Equation Parameters FC K-Co-PE FC K-Cu-PE Langmuir G _max 401.81 ± 42.3 361.01 ± 30.6 K ₁ 0.010 ± 0.004 0.009 ± 0.003 R ² 0.96 0.96 Freundlich K _f 44.84 ± 16.54 35.47 ± 8.98 m 0.172 ± 0.054 0.231 ± 0.036 R ² 0.77 0.95

The degree of purification of the studied solutions from cesium using sorbents obtained on the basis of K-Co, K-Cu ferrocyanides in a composition with a siloxane-acrylate emulsion and polyethylene can reach 99%.

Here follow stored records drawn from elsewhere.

theorem lemma3p3:
  fixes f q :: nat and a b :: "'a::{field,finite}"
    and X Y Z :: "'a^3^3"
  assumes hq: "q = 2 ^ f" and hq4: "q \<ge> 4"
    and hcard: "CARD('a) = q ^ 2"
    and hI: "I = {0, f, 2 * f div gcd 3 f, 4 * f div gcd 3 f}"
    and hb0: "b \<noteq> 0" and hb1: "b + b ^ q = 1" and hb2: "b ^ (q + 1) \<noteq> 1"
    and ha0: "a \<noteq> 0" and haord: "mult_order a = q + 1"
    and h1: "\<forall>i\<in>I. (1 + b + b^2) ^ (2 ^ i) \<noteq> a + inverse a + 1"
    and h2: "\<forall>i\<in>I. (1 + b + b^2) ^ (2 ^ i) \<noteq>
               a * (1 + b + b^3 + b^4) + inverse a * (b^2 + b^3 + b^4)"
    and h3: "a + inverse a + 1 \<noteq> a * (1 + b + b^3 + b^4) + inverse a * (b^2 + b^3 + b^4)"
    and h4: "a + inverse a + 1 \<noteq> 0"
    and hX: "X = vector [vector [b, 1, 1], vector [b ^ q, 0, 1], vector [b ^ (q + 1), b, b ^ q]]"
    and hY: "Y = vector [vector [a * b + inverse a * b ^ q, 0,
                                 a * (b + b ^ (q + 1)) + inverse a * (b ^ q + b ^ (q + 1))],
                         vector [0, 1, 0],
                         vector [a + inverse a, 0, a * b + inverse a * b ^ q]]"
    and hZ: "Z = vector [vector [1, 0, 1], vector [0, 1, 0], vector [0, 0, 1]]"
  shows "X \<in> SU3 q \<and> Y \<in> SU3 q \<and> Z \<in> SU3 q
         \<and> group.ord (PSU q) (eta q X) = 2
         \<and> group.ord (PSU q) (eta q Y) = 2
         \<and> group.ord (PSU q) (eta q Z) = 2
         \<and> group.ord (PSU q) (eta q Z \<otimes>\<^bsub>PSU q\<^esub> eta q Y) = q + 1"
proof -
  have "f > 0"
    using hq hq4 by (cases f) simp_all
  have char: "CHAR('a) = 2"
    using CHAR_eq_2_if_card_eq_power_of_2[of "f * 2"] hcard hq \<open>f > 0\<close> by (simp add: power_mult)
  have bq: "b ^ q = 1 + b"
    using hb1 char by (metis add_diff_cancel_left' minus_CHAR_2)
  have grp: "group (SU_grp q :: ('a^3^3) monoid)"
    by (rule group_SU_grp[of _ f]) (simp_all add: char hq)
  have "a ^ (q + 1) = 1" and "a \<noteq> inverse a"
    using mult_order_dvd_iff[OF ha0, of "q + 1"] neq_inverse_if_mult_order_gt_2[OF ha0] haord hq4
    by simp_all
  have matrices: "X = matX q b" "Y = matY q a b" "Z = matZ"
    by (simp_all add: hX hY hZ matX_def matY_def matZ_def block13_def)
  have SU: "matX q b \<in> SU3 q" "matY q a b \<in> SU3 q" "(matZ :: 'a^3^3) \<in> SU3 q"
    using matX_in_SU3[OF char hq bq] matY_in_SU3[OF char hq bq \<open>a ^ (q + 1) = 1\<close>]
      matZ_in_SU3[OF char] hq by simp_all
  have "group.ord (PSU q) (eta q (matX q b)) = 2"
    using SU matX_squared[OF char bq] matX_matZ_not_commute[OF hb0] by (intro ord_eta_eq_2[OF grp])
  moreover have "group.ord (PSU q) (eta q (matY q a b)) = 2"
    using SU matY_squared[OF char bq ha0] matY_matZ_not_commute[OF char \<open>a \<noteq> inverse a\<close>]
    by (intro ord_eta_eq_2[OF grp])
  moreover have "group.ord (PSU q) (eta q (matZ :: 'a^3^3)) = 2"
    using SU matZ_squared[OF char] matX_matZ_not_commute[OF hb0, of q] by (intro ord_eta_eq_2[OF grp]) auto
  moreover have "eta q matZ \<otimes>\<^bsub>PSU q\<^esub> eta q (matY q a b) = eta q (matZ ** matY q a b)"
    using SU by (intro eta_mult[OF grp])
  ultimately show ?thesis
    using SU ord_eta_matZ_matY[OF char hq \<open>f > 0\<close> bq ha0 haord] unfolding matrices by simp
qed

The average value of the distribution coefficient of cesium in seawater is 3.8×10 ⁴ ml/g with a solid/liquid ratio of 1000 ml/g, which indicates the potential for their use in purifying seawater from radioactive cesium.

Claims (1)

A method for producing composite sorption materials, in which a metal salt solution, which is a 0.18 M aqueous solution of metal chloride, and a 0.08 M aqueous solution of potassium ferricyanide are combined with intensive stirring for 60 minutes at a volume ratio of 1:1, the resulting precipitate is washed with distilled water and dried to a constant weight at a temperature of 100 ° C, then granulated and a fraction of the resulting Me-K ferrocyanide with a particle size of 0.2-0.3 mm is separated, a homogeneous solution is prepared by combining high-pressure polyethylene and toluene at a ratio of 1 g: 150 ml with intensive stirring and heating to a temperature of 120 ° C, Me-K ferrocyanide is added to the resulting homogeneous solution and mixed, then the resulting solution is cooled naturally with stirring for 30 minutes, after which the resulting precipitate is separated by filtration and dried for 24 hours at room temperature, characterized in that cobalt chloride or copper (II) chloride are used as reacting metal salts in the presence of a siloxane-acrylate emulsion.